• Task brief
Could you filter the records below and keep only the lines with the word "const"?

*** Opening Data for analysis ***

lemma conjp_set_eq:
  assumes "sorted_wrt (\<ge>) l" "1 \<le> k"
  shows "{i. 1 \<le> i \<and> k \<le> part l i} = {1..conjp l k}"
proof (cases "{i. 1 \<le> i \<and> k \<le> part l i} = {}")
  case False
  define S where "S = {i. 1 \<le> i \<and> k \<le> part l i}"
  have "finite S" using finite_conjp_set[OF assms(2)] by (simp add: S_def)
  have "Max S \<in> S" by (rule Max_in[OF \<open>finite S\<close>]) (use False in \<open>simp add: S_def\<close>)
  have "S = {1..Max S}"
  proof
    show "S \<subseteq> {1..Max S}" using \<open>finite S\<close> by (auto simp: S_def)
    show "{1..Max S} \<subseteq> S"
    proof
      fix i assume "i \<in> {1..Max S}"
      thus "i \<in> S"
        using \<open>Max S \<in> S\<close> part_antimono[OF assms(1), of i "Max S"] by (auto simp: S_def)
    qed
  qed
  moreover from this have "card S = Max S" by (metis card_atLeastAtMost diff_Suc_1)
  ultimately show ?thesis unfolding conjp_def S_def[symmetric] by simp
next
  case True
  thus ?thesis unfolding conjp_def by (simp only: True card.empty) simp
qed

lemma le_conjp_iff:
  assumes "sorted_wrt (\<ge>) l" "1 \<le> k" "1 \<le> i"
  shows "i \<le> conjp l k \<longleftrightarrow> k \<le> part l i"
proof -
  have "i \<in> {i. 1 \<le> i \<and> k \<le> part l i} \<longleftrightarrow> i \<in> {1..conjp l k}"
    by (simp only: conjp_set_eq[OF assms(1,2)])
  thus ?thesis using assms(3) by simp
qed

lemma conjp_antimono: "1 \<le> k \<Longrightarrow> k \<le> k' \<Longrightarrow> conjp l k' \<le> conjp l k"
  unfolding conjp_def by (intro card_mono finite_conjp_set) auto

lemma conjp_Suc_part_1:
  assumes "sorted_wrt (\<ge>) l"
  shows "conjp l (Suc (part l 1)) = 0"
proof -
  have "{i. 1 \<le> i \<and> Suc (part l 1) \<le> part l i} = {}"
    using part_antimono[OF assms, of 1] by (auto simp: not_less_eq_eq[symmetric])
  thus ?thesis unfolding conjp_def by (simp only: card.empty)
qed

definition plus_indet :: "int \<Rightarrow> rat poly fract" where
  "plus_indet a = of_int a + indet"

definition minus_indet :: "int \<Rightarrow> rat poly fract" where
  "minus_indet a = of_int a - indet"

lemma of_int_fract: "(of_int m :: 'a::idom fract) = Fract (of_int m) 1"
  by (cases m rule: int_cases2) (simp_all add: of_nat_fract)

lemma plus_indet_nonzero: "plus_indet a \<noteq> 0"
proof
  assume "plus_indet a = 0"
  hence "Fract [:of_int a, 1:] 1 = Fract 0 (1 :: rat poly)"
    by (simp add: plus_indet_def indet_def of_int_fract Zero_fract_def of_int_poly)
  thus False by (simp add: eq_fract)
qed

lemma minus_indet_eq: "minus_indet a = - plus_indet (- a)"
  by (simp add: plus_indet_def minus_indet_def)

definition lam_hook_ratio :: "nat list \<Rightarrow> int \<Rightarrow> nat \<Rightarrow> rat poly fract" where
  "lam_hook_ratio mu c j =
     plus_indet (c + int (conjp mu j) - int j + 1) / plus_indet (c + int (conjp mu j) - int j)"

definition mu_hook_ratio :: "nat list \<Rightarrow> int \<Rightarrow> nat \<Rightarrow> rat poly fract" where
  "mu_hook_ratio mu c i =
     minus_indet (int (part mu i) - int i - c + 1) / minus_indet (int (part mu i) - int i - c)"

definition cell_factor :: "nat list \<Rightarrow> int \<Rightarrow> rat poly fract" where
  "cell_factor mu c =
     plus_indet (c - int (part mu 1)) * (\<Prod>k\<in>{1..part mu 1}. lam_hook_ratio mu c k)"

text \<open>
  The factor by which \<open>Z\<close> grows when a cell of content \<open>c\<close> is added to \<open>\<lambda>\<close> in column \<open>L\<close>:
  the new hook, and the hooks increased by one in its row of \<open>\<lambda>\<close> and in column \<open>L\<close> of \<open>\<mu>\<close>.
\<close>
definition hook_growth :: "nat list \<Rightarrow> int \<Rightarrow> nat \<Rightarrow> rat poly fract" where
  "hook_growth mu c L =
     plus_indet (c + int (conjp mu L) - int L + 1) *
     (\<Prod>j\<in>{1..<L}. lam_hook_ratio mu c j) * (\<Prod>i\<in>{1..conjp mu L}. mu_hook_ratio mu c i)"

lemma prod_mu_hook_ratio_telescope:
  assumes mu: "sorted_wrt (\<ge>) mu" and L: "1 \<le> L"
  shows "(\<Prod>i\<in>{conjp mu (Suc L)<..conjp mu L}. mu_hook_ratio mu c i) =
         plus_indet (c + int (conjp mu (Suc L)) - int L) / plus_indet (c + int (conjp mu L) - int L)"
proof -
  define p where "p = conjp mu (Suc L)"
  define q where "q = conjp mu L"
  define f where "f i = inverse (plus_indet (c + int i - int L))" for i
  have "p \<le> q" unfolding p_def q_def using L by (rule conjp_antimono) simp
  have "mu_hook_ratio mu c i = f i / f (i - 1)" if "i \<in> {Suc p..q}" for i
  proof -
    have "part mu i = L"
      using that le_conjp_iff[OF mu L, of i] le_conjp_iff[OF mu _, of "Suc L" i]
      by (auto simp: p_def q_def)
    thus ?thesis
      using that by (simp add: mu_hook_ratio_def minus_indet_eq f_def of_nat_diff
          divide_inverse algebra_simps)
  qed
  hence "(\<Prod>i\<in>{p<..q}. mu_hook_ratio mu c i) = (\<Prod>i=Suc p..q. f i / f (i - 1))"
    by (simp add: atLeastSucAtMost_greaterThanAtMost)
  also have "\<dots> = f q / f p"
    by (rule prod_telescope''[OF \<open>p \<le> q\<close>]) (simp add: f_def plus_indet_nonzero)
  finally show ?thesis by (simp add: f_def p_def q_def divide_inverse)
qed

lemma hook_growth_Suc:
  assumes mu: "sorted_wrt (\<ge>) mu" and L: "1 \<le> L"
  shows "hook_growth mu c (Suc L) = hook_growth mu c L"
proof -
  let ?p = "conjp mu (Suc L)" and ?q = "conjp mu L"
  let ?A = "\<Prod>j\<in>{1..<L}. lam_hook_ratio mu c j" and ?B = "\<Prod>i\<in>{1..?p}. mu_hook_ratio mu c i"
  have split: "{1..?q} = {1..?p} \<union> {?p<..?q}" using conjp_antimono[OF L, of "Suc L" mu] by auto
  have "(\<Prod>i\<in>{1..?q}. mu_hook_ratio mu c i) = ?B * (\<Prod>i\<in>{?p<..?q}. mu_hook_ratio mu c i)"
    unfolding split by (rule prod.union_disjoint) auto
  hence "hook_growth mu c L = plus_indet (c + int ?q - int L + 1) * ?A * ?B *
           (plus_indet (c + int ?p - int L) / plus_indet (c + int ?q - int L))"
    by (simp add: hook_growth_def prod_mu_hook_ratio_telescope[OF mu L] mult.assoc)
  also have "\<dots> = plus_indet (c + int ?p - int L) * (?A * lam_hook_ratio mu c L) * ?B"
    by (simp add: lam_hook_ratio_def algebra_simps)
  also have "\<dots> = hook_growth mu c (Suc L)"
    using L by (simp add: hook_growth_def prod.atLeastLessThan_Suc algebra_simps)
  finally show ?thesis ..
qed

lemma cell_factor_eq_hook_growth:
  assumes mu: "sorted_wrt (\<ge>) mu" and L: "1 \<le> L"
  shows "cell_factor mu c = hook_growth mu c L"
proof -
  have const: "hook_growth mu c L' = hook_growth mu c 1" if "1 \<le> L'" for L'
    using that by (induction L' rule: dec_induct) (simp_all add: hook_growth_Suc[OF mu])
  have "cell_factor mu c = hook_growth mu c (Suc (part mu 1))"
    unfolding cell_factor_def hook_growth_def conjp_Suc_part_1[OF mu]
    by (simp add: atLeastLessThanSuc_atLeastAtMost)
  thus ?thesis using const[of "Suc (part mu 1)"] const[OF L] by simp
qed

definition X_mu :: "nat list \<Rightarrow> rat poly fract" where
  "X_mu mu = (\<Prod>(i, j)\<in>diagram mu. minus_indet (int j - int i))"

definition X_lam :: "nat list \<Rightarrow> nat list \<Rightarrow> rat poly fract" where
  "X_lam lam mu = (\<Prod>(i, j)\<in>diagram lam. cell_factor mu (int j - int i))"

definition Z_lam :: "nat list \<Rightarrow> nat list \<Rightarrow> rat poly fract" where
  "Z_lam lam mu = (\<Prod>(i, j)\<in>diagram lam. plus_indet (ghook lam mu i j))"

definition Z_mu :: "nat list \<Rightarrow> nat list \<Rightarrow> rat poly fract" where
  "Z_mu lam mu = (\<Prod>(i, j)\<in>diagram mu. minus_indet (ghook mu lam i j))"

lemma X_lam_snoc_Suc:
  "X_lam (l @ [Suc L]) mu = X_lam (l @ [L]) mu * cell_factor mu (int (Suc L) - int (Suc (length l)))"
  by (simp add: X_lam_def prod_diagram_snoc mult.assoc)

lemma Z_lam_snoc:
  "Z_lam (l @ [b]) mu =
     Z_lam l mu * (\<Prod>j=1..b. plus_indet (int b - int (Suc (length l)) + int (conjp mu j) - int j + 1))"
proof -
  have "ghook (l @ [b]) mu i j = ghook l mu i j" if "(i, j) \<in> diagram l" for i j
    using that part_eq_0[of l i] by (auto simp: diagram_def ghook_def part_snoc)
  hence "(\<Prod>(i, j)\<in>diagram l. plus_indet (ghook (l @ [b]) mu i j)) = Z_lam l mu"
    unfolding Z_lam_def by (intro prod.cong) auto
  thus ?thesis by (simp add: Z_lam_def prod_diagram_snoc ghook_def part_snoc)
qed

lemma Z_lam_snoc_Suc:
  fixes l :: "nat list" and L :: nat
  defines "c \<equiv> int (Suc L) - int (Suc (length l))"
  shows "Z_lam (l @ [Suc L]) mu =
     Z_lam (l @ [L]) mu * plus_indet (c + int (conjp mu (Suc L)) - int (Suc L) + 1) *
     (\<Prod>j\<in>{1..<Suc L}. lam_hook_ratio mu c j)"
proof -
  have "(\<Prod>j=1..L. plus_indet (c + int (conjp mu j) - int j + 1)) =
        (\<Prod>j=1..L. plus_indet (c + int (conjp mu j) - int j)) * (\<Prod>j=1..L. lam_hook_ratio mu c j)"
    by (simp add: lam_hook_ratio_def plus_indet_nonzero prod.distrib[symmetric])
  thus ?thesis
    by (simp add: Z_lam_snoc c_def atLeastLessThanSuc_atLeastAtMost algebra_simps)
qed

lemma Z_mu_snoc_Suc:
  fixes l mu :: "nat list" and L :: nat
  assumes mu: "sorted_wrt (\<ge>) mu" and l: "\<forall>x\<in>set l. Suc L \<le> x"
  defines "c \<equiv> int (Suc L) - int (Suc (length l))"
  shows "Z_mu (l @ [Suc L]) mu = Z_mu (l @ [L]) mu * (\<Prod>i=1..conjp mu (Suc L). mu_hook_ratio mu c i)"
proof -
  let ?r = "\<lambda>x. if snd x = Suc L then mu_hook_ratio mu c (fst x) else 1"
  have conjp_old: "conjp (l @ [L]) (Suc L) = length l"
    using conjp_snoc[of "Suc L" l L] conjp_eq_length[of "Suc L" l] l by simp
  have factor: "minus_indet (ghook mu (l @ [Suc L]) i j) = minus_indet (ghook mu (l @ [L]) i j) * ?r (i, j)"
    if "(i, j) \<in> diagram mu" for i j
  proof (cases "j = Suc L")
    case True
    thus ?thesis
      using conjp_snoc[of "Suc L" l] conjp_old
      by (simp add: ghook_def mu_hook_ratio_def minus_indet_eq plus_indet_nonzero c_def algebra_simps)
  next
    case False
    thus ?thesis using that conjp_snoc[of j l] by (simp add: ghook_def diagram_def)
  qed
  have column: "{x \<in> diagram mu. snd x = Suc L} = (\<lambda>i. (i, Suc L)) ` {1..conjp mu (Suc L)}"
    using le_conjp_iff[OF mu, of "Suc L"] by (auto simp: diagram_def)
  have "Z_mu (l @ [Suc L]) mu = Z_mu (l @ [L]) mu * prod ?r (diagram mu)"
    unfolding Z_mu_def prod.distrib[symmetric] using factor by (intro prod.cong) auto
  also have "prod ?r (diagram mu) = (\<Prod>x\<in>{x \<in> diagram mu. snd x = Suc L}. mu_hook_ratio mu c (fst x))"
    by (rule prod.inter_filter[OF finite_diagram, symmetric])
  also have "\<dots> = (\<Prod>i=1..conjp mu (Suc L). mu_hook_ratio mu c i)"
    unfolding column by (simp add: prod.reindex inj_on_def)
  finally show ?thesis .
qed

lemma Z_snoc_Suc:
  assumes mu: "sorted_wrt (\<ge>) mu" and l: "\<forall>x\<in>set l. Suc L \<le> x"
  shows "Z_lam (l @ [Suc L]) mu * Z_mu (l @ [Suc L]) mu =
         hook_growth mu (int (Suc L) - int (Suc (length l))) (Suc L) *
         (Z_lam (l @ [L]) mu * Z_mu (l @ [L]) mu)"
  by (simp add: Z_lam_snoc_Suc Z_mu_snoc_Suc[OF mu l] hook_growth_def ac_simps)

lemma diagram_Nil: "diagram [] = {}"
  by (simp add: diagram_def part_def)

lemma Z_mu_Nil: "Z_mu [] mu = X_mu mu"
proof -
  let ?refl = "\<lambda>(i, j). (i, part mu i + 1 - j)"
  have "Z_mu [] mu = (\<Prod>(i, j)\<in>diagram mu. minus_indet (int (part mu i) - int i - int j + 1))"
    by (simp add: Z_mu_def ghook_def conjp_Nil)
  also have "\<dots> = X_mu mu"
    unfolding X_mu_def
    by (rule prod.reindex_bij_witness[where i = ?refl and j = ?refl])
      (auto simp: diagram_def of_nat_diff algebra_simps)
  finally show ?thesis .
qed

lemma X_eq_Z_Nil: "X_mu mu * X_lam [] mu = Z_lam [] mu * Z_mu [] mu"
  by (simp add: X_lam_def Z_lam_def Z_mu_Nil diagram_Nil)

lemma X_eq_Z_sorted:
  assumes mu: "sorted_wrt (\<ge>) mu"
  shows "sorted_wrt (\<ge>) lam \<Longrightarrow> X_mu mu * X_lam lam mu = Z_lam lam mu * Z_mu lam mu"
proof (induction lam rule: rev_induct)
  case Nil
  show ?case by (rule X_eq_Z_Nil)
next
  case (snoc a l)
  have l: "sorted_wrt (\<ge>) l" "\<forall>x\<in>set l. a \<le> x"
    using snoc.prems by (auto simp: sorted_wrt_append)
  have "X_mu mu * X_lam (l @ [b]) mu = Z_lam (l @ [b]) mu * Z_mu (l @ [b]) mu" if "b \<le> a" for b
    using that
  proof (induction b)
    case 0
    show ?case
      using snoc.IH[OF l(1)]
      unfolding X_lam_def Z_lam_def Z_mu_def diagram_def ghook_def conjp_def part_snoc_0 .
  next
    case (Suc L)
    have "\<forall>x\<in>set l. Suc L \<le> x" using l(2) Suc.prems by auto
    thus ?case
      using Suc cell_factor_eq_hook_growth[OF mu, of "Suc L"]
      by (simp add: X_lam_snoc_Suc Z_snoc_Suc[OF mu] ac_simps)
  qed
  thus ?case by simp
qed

*** Closing Data for analysis ***

• Exercise solution
  have const: "hook_growth mu c L' = hook_growth mu c 1" if "1 \<le> L'" for L'
  thus ?thesis using const[of "Suc (part mu 1)"] const[OF L] by simp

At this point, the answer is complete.